▽

(* Let $R$ be a random length-$k$ ranking generated by a PL+C model. For items $i,j\in\mathcal U$, write $i\succ_R j$ if $i$ is ranked higher than $j$ in $R$. If $\Pr(i\succ_R j\mid i,j\in R)>1/2$, then $u_i>u_j$.
   Context: PL+C model: universe $\mathcal U=\{1,\dots,n\}$, fixed ranking length $k\le n$. Each item $h$ has a utility $u_h\in\mathbb R$ and a consideration probability $p_h\in(0,1]$. A consideration set $C$ is drawn by including each item independently with probability $p_h$, conditioned on $|C|\ge k$. Given $C$, a length-$k$ ranking $r=(r_1,\dots,r_k)$ of distinct items is drawn with Plackett--Luce probability $\Pr_{PL}(r\mid C)=\prod_{t=1}^k \frac{\exp(u_{r_t})}{\sum_{h\in C\setminus\{r_1,\dots,r_{t-1}\}}\exp(u_h)}$ if all $r_t\in C$, else $0$. "$i,j\in R$" means both items appear in the ranking $R$. *)

theory Defs
  imports Complex_Main
begin

definition cons_weight :: "nat set \<Rightarrow> (nat \<Rightarrow> real) \<Rightarrow> nat set \<Rightarrow> real" where
  "cons_weight U p C = (\<Prod>h\<in>U. if h \<in> C then p h else 1 - p h)"

definition valid_cons_sets :: "nat set \<Rightarrow> nat \<Rightarrow> nat set set" where
  "valid_cons_sets U k = {C. C \<subseteq> U \<and> k \<le> card C}"

definition cons_prob :: "nat set \<Rightarrow> nat \<Rightarrow> (nat \<Rightarrow> real) \<Rightarrow> nat set \<Rightarrow> real" where
  "cons_prob U k p C =
     (if C \<in> valid_cons_sets U k
      then cons_weight U p C / (\<Sum>C'\<in>valid_cons_sets U k. cons_weight U p C')
      else 0)"

definition pl_prob :: "(nat \<Rightarrow> real) \<Rightarrow> nat set \<Rightarrow> nat list \<Rightarrow> real" where
  "pl_prob u C r =
     (if distinct r \<and> set r \<subseteq> C
      then (\<Prod>t<length r. exp (u (r ! t)) / (\<Sum>h\<in>C - set (take t r). exp (u h)))
      else 0)"

definition rankings :: "nat set \<Rightarrow> nat \<Rightarrow> nat list set" where
  "rankings U k = {r. distinct r \<and> length r = k \<and> set r \<subseteq> U}"

definition plc_prob :: "nat set \<Rightarrow> nat \<Rightarrow> (nat \<Rightarrow> real) \<Rightarrow> (nat \<Rightarrow> real) \<Rightarrow> nat list \<Rightarrow> real" where
  "plc_prob U k p u r = (\<Sum>C\<in>valid_cons_sets U k. cons_prob U k p C * pl_prob u C r)"

definition ranked_above :: "nat \<Rightarrow> nat \<Rightarrow> nat list \<Rightarrow> bool" where
  "ranked_above i j r = (\<exists>a b. a < b \<and> b < length r \<and> r ! a = i \<and> r ! b = j)"

definition pair_pref :: "nat set \<Rightarrow> nat \<Rightarrow> (nat \<Rightarrow> real) \<Rightarrow> (nat \<Rightarrow> real) \<Rightarrow> nat \<Rightarrow> nat \<Rightarrow> real" where
  "pair_pref U k p u i j =
     (\<Sum>r\<in>{r \<in> rankings U k. ranked_above i j r}. plc_prob U k p u r)
     / (\<Sum>r\<in>{r \<in> rankings U k. i \<in> set r \<and> j \<in> set r}. plc_prob U k p u r)"

end

theory Submission
  imports Defs "HOL-Combinatorics.Transposition"
begin

text \<open>If \<open>u i \<le> u j\<close>, exchanging \<open>i\<close> and \<open>j\<close> in a ranking that places \<open>i\<close> above \<open>j\<close>
  cannot lower its Plackett--Luce probability under any consideration set: the numerators form
  the same product of \<open>exp\<close>-utilities, and each partial denominator is either unchanged or has
  \<open>exp (u j)\<close> of the still unranked \<open>j\<close> replaced by \<open>exp (u i)\<close>. The consideration set is drawn
  independently of the ranking, so the same holds for PL+C probabilities, and the exchange maps
  the rankings with \<open>i\<close> above \<open>j\<close> bijectively onto those with \<open>j\<close> above \<open>i\<close>. Hence the
  conditional probability of \<open>i\<close> above \<open>j\<close> is at most \<open>1/2\<close>.\<close>

lemma ranked_above_imp_mem: "ranked_above i j r \<Longrightarrow> i \<in> set r \<and> j \<in> set r"
  unfolding ranked_above_def by (metis less_trans nth_mem)

lemma ranked_above_map: "ranked_above i j r \<Longrightarrow> ranked_above (f i) (f j) (map f r)"
  unfolding ranked_above_def by (metis length_map less_trans nth_map)

lemma ranked_above_irrefl: "distinct r \<Longrightarrow> \<not> ranked_above i i r"
  unfolding ranked_above_def by (metis less_trans nat_neq_iff nth_eq_iff_index_eq)

lemma ranked_above_asym: "distinct r \<Longrightarrow> ranked_above i j r \<Longrightarrow> \<not> ranked_above j i r"
  unfolding ranked_above_def by (metis less_trans nth_eq_iff_index_eq order.asym)

lemma ranked_above_total:
  "i \<in> set r \<Longrightarrow> j \<in> set r \<Longrightarrow> i \<noteq> j \<Longrightarrow> ranked_above i j r \<or> ranked_above j i r"
  unfolding ranked_above_def by (metis in_set_conv_nth nat_neq_iff)

lemma nth_notin_set_take: "distinct r \<Longrightarrow> t < length r \<Longrightarrow> r ! t \<notin> set (take t r)"
  by (auto simp: in_set_conv_nth nth_eq_iff_index_eq)

lemma ranked_above_mem_take:
  assumes "distinct r" "ranked_above i j r" "j \<in> set (take t r)"
  shows "i \<in> set (take t r)"
proof -
  obtain a b where ab: "a < b" "b < length r" "r ! a = i" "r ! b = j"
    using assms(2) unfolding ranked_above_def by blast
  have "b < t"
  proof (rule ccontr)
    assume "\<not> b < t"
    then have "set (take t r) \<subseteq> set (take b r)" by (simp add: set_take_subset_set_take)
    then show False using assms(1,3) ab(2,4) nth_notin_set_take by blast
  qed
  then have "a < length (take t r)" "take t r ! a = i" using ab by auto
  then show ?thesis by (metis nth_mem)
qed

lemma sum_diff_transpose_image_le:
  fixes w :: "'a \<Rightarrow> 'b::ordered_comm_monoid_add"
  assumes "finite C" "i \<in> C" "j \<in> C" "j \<in> T \<Longrightarrow> i \<in> T" "w i \<le> w j"
  shows "(\<Sum>h\<in>C - transpose i j ` T. w h) \<le> (\<Sum>h\<in>C - T. w h)"
proof (cases "i \<in> T \<and> j \<notin> T")
  case True
  define S where "S = C - T - {j}"
  have "C - transpose i j ` T = insert i S" "C - T = insert j S"
    using True assms(2,3) by (auto simp: S_def in_transpose_image_iff transpose_def)
  moreover have "finite S" "i \<notin> S" "j \<notin> S" using True assms(1) by (auto simp: S_def)
  ultimately show ?thesis using assms(5) by (simp add: add_right_mono)
next
  case False
  then have "transpose i j ` T = T" using assms(4) by (intro transpose_image_eq) blast
  then show ?thesis by simp
qed

lemma pl_prob_nonneg: "0 \<le> pl_prob u C r"
  unfolding pl_prob_def by (auto intro!: prod_nonneg divide_nonneg_nonneg sum_nonneg)

lemma pl_remaining_weight_pos:
  fixes u :: "'a \<Rightarrow> real"
  assumes "finite C" "distinct r" "set r \<subseteq> C" "t < length r"
  shows "0 < (\<Sum>h\<in>C - set (take t r). exp (u h))"
proof -
  have "r ! t \<in> C - set (take t r)"
    using assms(2-4) nth_notin_set_take nth_mem by blast
  then show ?thesis using assms(1) by (intro sum_pos) auto
qed

lemma pl_prob_eq_prod_set:
  assumes "distinct r" "set r \<subseteq> C"
  shows "pl_prob u C r =
    (\<Prod>x\<in>set r. exp (u x)) / (\<Prod>t<length r. \<Sum>h\<in>C - set (take t r). exp (u h))"
proof -
  have "(\<Prod>t<length r. exp (u (r ! t))) = (\<Prod>x\<in>set r. exp (u x))"
    using prod.reindex_bij_betw[OF bij_betw_nth[OF assms(1) refl refl]] .
  moreover have "pl_prob u C r =
      (\<Prod>t<length r. exp (u (r ! t))) / (\<Prod>t<length r. \<Sum>h\<in>C - set (take t r). exp (u h))"
    using assms unfolding pl_prob_def by (simp only: if_True simp_thms prod_dividef)
  ultimately show ?thesis by simp
qed

lemma pl_prob_transpose_ge:
  assumes "finite C" "ranked_above i j r" "u i \<le> u j"
  shows "pl_prob u C r \<le> pl_prob u C (map (transpose i j) r)"
proof (cases "distinct r \<and> set r \<subseteq> C")
  case False
  then have "pl_prob u C r = 0" by (simp only: pl_prob_def if_False)
  then show ?thesis using pl_prob_nonneg by simp
next
  case True
  define r' where "r' = map (transpose i j) r"
  define W where "W x t = (\<Sum>h\<in>C - set (take t x). exp (u h))" for x t
  have ij: "i \<in> set r" "j \<in> set r" using ranked_above_imp_mem[OF assms(2)] by auto
  have set_r': "set r' = set r" using ij by (simp add: r'_def)
  have r': "distinct r'" "set r' \<subseteq> C" "length r' = length r"
    using True set_r' by (auto simp: r'_def distinct_map)
  have W_pos: "0 < W r' t" if "t < length r" for t
    using pl_remaining_weight_pos[of C r' t u] assms(1) r' that by (simp add: W_def)
  have W_le: "W r' t \<le> W r t" for t
    unfolding W_def r'_def take_map set_map
    using assms True ij ranked_above_mem_take by (intro sum_diff_transpose_image_le) auto
  have "0 < (\<Prod>t<length r. W r' t)" using W_pos by (intro prod_pos) auto
  moreover have "(\<Prod>t<length r. W r' t) \<le> (\<Prod>t<length r. W r t)"
    using W_pos W_le by (intro prod_mono) (auto simp: less_imp_le)
  ultimately have "(\<Prod>x\<in>set r. exp (u x)) / (\<Prod>t<length r. W r t)
      \<le> (\<Prod>x\<in>set r. exp (u x)) / (\<Prod>t<length r. W r' t)"
    by (intro divide_left_mono prod_nonneg mult_pos_pos) auto
  then show ?thesis
    using pl_prob_eq_prod_set[of r C u] pl_prob_eq_prod_set[of r' C u] True r' set_r'
    by (simp add: W_def r'_def)
qed

lemma cons_prob_nonneg:
  assumes "\<And>h. h \<in> U \<Longrightarrow> 0 \<le> p h \<and> p h \<le> 1"
  shows "0 \<le> cons_prob U k p C"
proof -
  have "0 \<le> cons_weight U p C'" for C'
    unfolding cons_weight_def using assms by (intro prod_nonneg) auto
  then show ?thesis unfolding cons_prob_def by (auto intro!: divide_nonneg_nonneg sum_nonneg)
qed

lemma plc_prob_nonneg:
  assumes "\<And>h. h \<in> U \<Longrightarrow> 0 \<le> p h \<and> p h \<le> 1"
  shows "0 \<le> plc_prob U k p u r"
  unfolding plc_prob_def using assms
  by (intro sum_nonneg mult_nonneg_nonneg cons_prob_nonneg pl_prob_nonneg)

lemma plc_prob_transpose_ge:
  assumes "finite U" "\<And>h. h \<in> U \<Longrightarrow> 0 \<le> p h \<and> p h \<le> 1"
    and "ranked_above i j r" "u i \<le> u j"
  shows "plc_prob U k p u r \<le> plc_prob U k p u (map (transpose i j) r)"
  unfolding plc_prob_def
proof (intro sum_mono mult_left_mono)
  fix C assume "C \<in> valid_cons_sets U k"
  then have "finite C" using assms(1) by (auto simp: valid_cons_sets_def intro: finite_subset)
  then show "pl_prob u C r \<le> pl_prob u C (map (transpose i j) r)"
    using assms(3,4) by (rule pl_prob_transpose_ge)
qed (use assms(2) cons_prob_nonneg in blast)

lemma finite_rankings: "finite U \<Longrightarrow> finite (rankings U k)"
  unfolding rankings_def
  by (rule finite_subset[OF _ finite_lists_length_eq[of U k]]) auto

lemma bij_betw_transpose_ranked_above:
  "bij_betw (map (transpose i j))
     {r \<in> rankings U k. ranked_above i j r} {r \<in> rankings U k. ranked_above j i r}"
proof (rule bij_betw_byWitness[where f' = "map (transpose i j)"])
  have "map (transpose i j) r \<in> rankings U k" if "r \<in> rankings U k" "i \<in> set r" "j \<in> set r" for r
    using that by (simp add: rankings_def distinct_map)
  then show "map (transpose i j) ` {r \<in> rankings U k. ranked_above i j r}
      \<subseteq> {r \<in> rankings U k. ranked_above j i r}"
    and "map (transpose i j) ` {r \<in> rankings U k. ranked_above j i r}
      \<subseteq> {r \<in> rankings U k. ranked_above i j r}"
    using ranked_above_imp_mem ranked_above_map[of i j _ "transpose i j"]
      ranked_above_map[of j i _ "transpose i j"] by auto
qed (simp_all add: comp_def)

lemma pair_pref_le_half:
  assumes "finite U" "\<And>h. h \<in> U \<Longrightarrow> 0 \<le> p h \<and> p h \<le> 1" "u i \<le> u j"
  shows "pair_pref U k p u i j \<le> 1/2"
proof -
  define P where "P = plc_prob U k p u"
  define A where "A = {r \<in> rankings U k. ranked_above i j r}"
  define B where "B = {r \<in> rankings U k. ranked_above j i r}"
  have A_nonneg: "0 \<le> sum P A"
    using assms(2) by (auto simp: P_def intro: sum_nonneg plc_prob_nonneg)
  have "sum P A \<le> (\<Sum>r\<in>A. P (map (transpose i j) r))"
    using assms by (auto simp: P_def A_def intro!: sum_mono plc_prob_transpose_ge)
  also have "\<dots> = sum P B"
    using sum.reindex_bij_betw[OF bij_betw_transpose_ranked_above] by (simp add: A_def B_def)
  finally have A_le_B: "sum P A \<le> sum P B" .
  show ?thesis
  proof (cases "i = j")
    case True
    then have "A = {}" by (auto simp: A_def rankings_def ranked_above_irrefl)
    then show ?thesis unfolding pair_pref_def A_def[symmetric] by simp
  next
    case False
    have "{r \<in> rankings U k. i \<in> set r \<and> j \<in> set r} = A \<union> B"
      using ranked_above_total[OF _ _ False] ranked_above_imp_mem by (auto simp: A_def B_def)
    moreover have "A \<inter> B = {}"
      using ranked_above_asym by (auto simp: A_def B_def rankings_def)
    moreover have "finite A" "finite B"
      using finite_rankings[OF assms(1)] by (auto simp: A_def B_def)
    ultimately have "pair_pref U k p u i j = sum P A / (sum P A + sum P B)"
      by (simp add: pair_pref_def P_def A_def sum.union_disjoint)
    also have "\<dots> \<le> 1/2"
      using A_nonneg A_le_B by (simp add: divide_le_eq)
    finally show ?thesis .
  qed
qed

theorem lemma2:
  fixes n k :: nat and u p :: "nat \<Rightarrow> real" and i j :: nat
  assumes "k \<le> n"
    and "\<And>h. h \<in> {1..n} \<Longrightarrow> 0 < p h \<and> p h \<le> 1"
    and "i \<in> {1..n}" and "j \<in> {1..n}"
    and "pair_pref {1..n} k p u i j > 1/2"
  shows "u i > u j"
proof (rule ccontr)
  assume "\<not> u i > u j"
  then have "pair_pref {1..n} k p u i j \<le> 1/2"
    using assms(2) by (intro pair_pref_le_half) (auto simp: less_imp_le)
  with assms(5) show False by simp
qed

end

△

Within the records above, how many lines include the word "cases"? Only the number is wanted.

3